**Problem description:**
Transcribe the stretch of entries below from the line with "a. a \<in> J" through the line with "products never vanish.\<close>", exactly and with both ends included; leave out all other lines.

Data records
lemma (in ring) left_annihilator_ideal:
  assumes "K \<subseteq> carrier R" and "\<And>k s. k \<in> K \<Longrightarrow> s \<in> carrier R \<Longrightarrow> s \<otimes> k \<in> K"
  shows "ideal {x \<in> carrier R. \<forall>k\<in>K. x \<otimes> k = \<zero>} R"
proof (rule idealI)
  show "subgroup {x \<in> carrier R. \<forall>k\<in>K. x \<otimes> k = \<zero>} (add_monoid R)"
    using assms(1) by (intro add.subgroupI) (auto simp: l_distr l_minus subset_iff a_inv_def[symmetric])
qed (use assms ring_axioms in \<open>auto simp: m_assoc subset_iff\<close>)

lemma (in ring) right_annihilator_ideal:
  assumes "L \<subseteq> carrier R" and "\<And>l s. l \<in> L \<Longrightarrow> s \<in> carrier R \<Longrightarrow> l \<otimes> s \<in> L"
  shows "ideal {x \<in> carrier R. \<forall>l\<in>L. l \<otimes> x = \<zero>} R"
proof (rule idealI)
  show "subgroup {x \<in> carrier R. \<forall>l\<in>L. l \<otimes> x = \<zero>} (add_monoid R)"
    using assms(1) by (intro add.subgroupI) (auto simp: r_distr r_minus subset_iff a_inv_def[symmetric])
qed (use assms ring_axioms in \<open>auto simp: m_assoc[symmetric] subset_iff\<close>)

lemma (in ring) prime_ringD:
  assumes "prime_ring R" "ideal A R" "ideal B R" "\<And>a b. a \<in> A \<Longrightarrow> b \<in> B \<Longrightarrow> a \<otimes> b = \<zero>"
  shows "A \<subseteq> {\<zero>} \<or> B \<subseteq> {\<zero>}"
  using assms unfolding prime_ring_def prime_ideal_def by blast

lemma (in ring) prime_ring_left_annihilator_trivial:
  assumes "prime_ring R" "ideal I R" "k \<in> I" "k \<noteq> \<zero>"
    and "x \<in> carrier R" "\<And>i. i \<in> I \<Longrightarrow> x \<otimes> i = \<zero>"
  shows "x = \<zero>"
proof -
  have "ideal {x \<in> carrier R. \<forall>i\<in>I. x \<otimes> i = \<zero>} R"
    using assms(2) by (intro left_annihilator_ideal) (auto intro: ideal.Icarr ideal.I_l_closed)
  from prime_ringD[OF assms(1) this assms(2)] show ?thesis
    using assms by blast
qed

lemma (in ring) prime_ring_right_annihilator_trivial:
  assumes "prime_ring R" "L \<subseteq> carrier R" "\<And>l s. l \<in> L \<Longrightarrow> s \<in> carrier R \<Longrightarrow> l \<otimes> s \<in> L"
    and "l \<in> L" "l \<noteq> \<zero>" "y \<in> carrier R" "\<And>l. l \<in> L \<Longrightarrow> l \<otimes> y = \<zero>"
  shows "y = \<zero>"
proof -
  let ?A = "{x \<in> carrier R. \<forall>l\<in>L. l \<otimes> x = \<zero>}"
  have A: "ideal ?A R" by (rule right_annihilator_ideal[OF assms(2,3)])
  have "ideal {x \<in> carrier R. \<forall>a\<in>?A. x \<otimes> a = \<zero>} R"
    using ideal.I_l_closed[OF A] by (intro left_annihilator_ideal) blast+
  from prime_ringD[OF assms(1) this A] show ?thesis
    using assms by blast
qed

lemma (in ring) prime_ring_T_nilpotent_right_ideal_trivial:
  assumes pr: "prime_ring R" and one: "\<one> \<noteq> \<zero>"
    and J: "right_ideal J R" and tn: "T_nilpotent_for_right_modules J R"
  shows "J \<subseteq> {\<zero>}"
proof (rule ccontr)
  assume "\<not> J \<subseteq> {\<zero>}"
  then obtain a0 where a0: "a0 \<in> J" "a0 \<noteq> \<zero>" by blast
  note Jd = right_idealD[OF J]
  have "\<exists>a\<in>J. a \<otimes> y \<noteq> \<zero>" if "y \<in> carrier R - {\<zero>}" for y
    using prime_ring_right_annihilator_trivial[OF pr Jd(1) Jd(5) a0, of y] that by blast
  then obtain c where c: "\<And>y. y \<in> carrier R - {\<zero>} \<Longrightarrow> c y \<in> J \<and> c y \<otimes> y \<noteq> \<zero>"
    using bchoice[of "carrier R - {\<zero>}" "\<lambda>y a. a \<in> J \<and> a \<otimes> y \<noteq> \<zero>"] by blast
  \<comment> \<open>Build a sequence in J whose partial products never vanish.\<close>
  define ys where "ys = rec_nat \<one> (\<lambda>_ y. c y \<otimes> y)"
  have ys_simps: "ys 0 = \<one>" "ys (Suc n) = c (ys n) \<otimes> ys n" for n
    unfolding ys_def by simp_all
  have ys: "ys n \<in> carrier R \<and> ys n \<noteq> \<zero>" for n
    by (induction n) (use one c Jd(1) in \<open>auto simp: ys_simps\<close>)
  define a where "a n = c (ys (n - 1))" for n
  have prod: "rprod R a n = ys n" for n
    by (induction n) (simp_all add: ys_simps a_def)
  have "\<forall>n\<ge>1. a n \<in> J"
    unfolding a_def using c ys by blast
  then obtain n where "rprod R a n = \<zero>"
    using tn[unfolded T_nilpotent_for_right_modules_def, rule_format, of a] by blast
  with prod ys show False by simp
qed

lemma right_artinianD:
  assumes "right_artinian R" "\<And>n. right_ideal (f n) R" "\<And>n. f (Suc n) \<subseteq> f n"
  shows "\<exists>n. \<forall>m\<ge>n. f m = f n"
  by (rule assms(1)[unfolded right_artinian_def, rule_format]) (simp add: assms(2,3))

lemma (in ring) right_artinian_minimal_element:
  assumes "right_artinian R" "F \<noteq> {}" "\<And>K. K \<in> F \<Longrightarrow> right_ideal K R"
  obtains K where "K \<in> F" "\<And>K'. K' \<in> F \<Longrightarrow> K' \<subseteq> K \<Longrightarrow> K' = K"
proof -
  define r where "r = {(A, B). A \<in> F \<and> B \<in> F \<and> A \<subset> B}"
  have "\<nexists>f. \<forall>i. (f (Suc i), f i) \<in> r"
  proof
    assume "\<exists>f. \<forall>i. (f (Suc i), f i) \<in> r"
    then obtain f where "\<forall>i. (f (Suc i), f i) \<in> r" ..
    then have f: "f i \<in> F" "f (Suc i) \<subset> f i" for i
      unfolding r_def by auto
    have "right_ideal (f n) R" "f (Suc n) \<subseteq> f n" for n
      using f assms(3) by auto
    then obtain n where n: "\<forall>m\<ge>n. f m = f n"
      using right_artinianD[OF assms(1)] by blast
    have "f (Suc n) = f n" by (rule n[rule_format]) simp
    with f(2)[of n] show False by simp
  qed
  then have "wf r"
    by (simp add: wf_iff_no_infinite_down_chain)
  obtain K0 where "K0 \<in> F" using assms(2) by blast
  then obtain K where K: "K \<in> F" "\<And>K'. (K', K) \<in> r \<Longrightarrow> K' \<notin> F"
    by (rule wfE_min[OF \<open>wf r\<close>]) blast
  show thesis
  proof (rule that[OF K(1)])
    fix K' assume "K' \<in> F" "K' \<subseteq> K"
    with K show "K' = K" unfolding r_def by blast
  qed
qed

definition minimal_right_ideal :: "'a set \<Rightarrow> ('a, 'b) ring_scheme \<Rightarrow> bool" where
  "minimal_right_ideal L R \<longleftrightarrow> right_ideal L R \<and> (\<exists>x\<in>L. x \<noteq> \<zero>\<^bsub>R\<^esub>) \<and>
     (\<forall>K. right_ideal K R \<and> K \<subseteq> L \<and> (\<exists>x\<in>K. x \<noteq> \<zero>\<^bsub>R\<^esub>) \<longrightarrow> K = L)"

lemma (in ring) right_artinian_minimal_right_ideal:
  assumes "right_artinian R" "right_ideal N R" "x \<in> N" "x \<noteq> \<zero>"
  obtains L where "minimal_right_ideal L R" "L \<subseteq> N"
proof -
  let ?F = "{K. right_ideal K R \<and> K \<subseteq> N \<and> (\<exists>x\<in>K. x \<noteq> \<zero>)}"
  have "N \<in> ?F" using assms(2-4) by auto
  then have "?F \<noteq> {}" by blast
  then obtain L where L: "L \<in> ?F" and min: "\<And>K. K \<in> ?F \<Longrightarrow> K \<subseteq> L \<Longrightarrow> K = L"
    by (rule right_artinian_minimal_element[OF assms(1)]) auto
  have "minimal_right_ideal L R"
    unfolding minimal_right_ideal_def
  proof (intro conjI allI impI)
    fix K assume K: "right_ideal K R \<and> K \<subseteq> L \<and> (\<exists>x\<in>K. x \<noteq> \<zero>)"
    show "K = L"
    proof (rule min)
      show "K \<in> ?F" using K L by auto
    qed (use K in simp)
  qed (use L in auto)
  with L that show thesis by simp
qed

lemma (in ring) minimal_right_ideal_subset_ideal:
  assumes pr: "prime_ring R" and I: "ideal I R" "k \<in> I" "k \<noteq> \<zero>"
    and L: "minimal_right_ideal L R"
  shows "L \<subseteq> I"
proof -
  from L obtain l where l: "l \<in> L" "l \<noteq> \<zero>" and Lr: "right_ideal L R"
    unfolding minimal_right_ideal_def by blast
  have lc: "l \<in> carrier R" using l right_idealD(1)[OF Lr] by blast
  obtain i where i: "i \<in> I" "l \<otimes> i \<noteq> \<zero>"
    using prime_ring_left_annihilator_trivial[OF pr I lc] l(2) by blast
  have "l \<otimes> i \<in> L \<inter> I"
    using right_idealD(5)[OF Lr l(1)] ideal.I_l_closed[OF I(1) i(1) lc] ideal.Icarr[OF I(1) i(1)]
    by blast
  moreover have "right_ideal (L \<inter> I) R"
    by (rule right_ideal_Int[OF Lr right_ideal_if_ideal[OF I(1)]])
  ultimately have "L \<inter> I = L"
    using L i(2) unfolding minimal_right_ideal_def by blast
  then show ?thesis by blast
qed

**Output for this task:**
    using bchoice[of "carrier R - {\<zero>}" "\<lambda>y a. a \<in> J \<and> a \<otimes> y \<noteq> \<zero>"] by blast
  \<comment> \<open>Build a sequence in J whose partial products never vanish.\<close>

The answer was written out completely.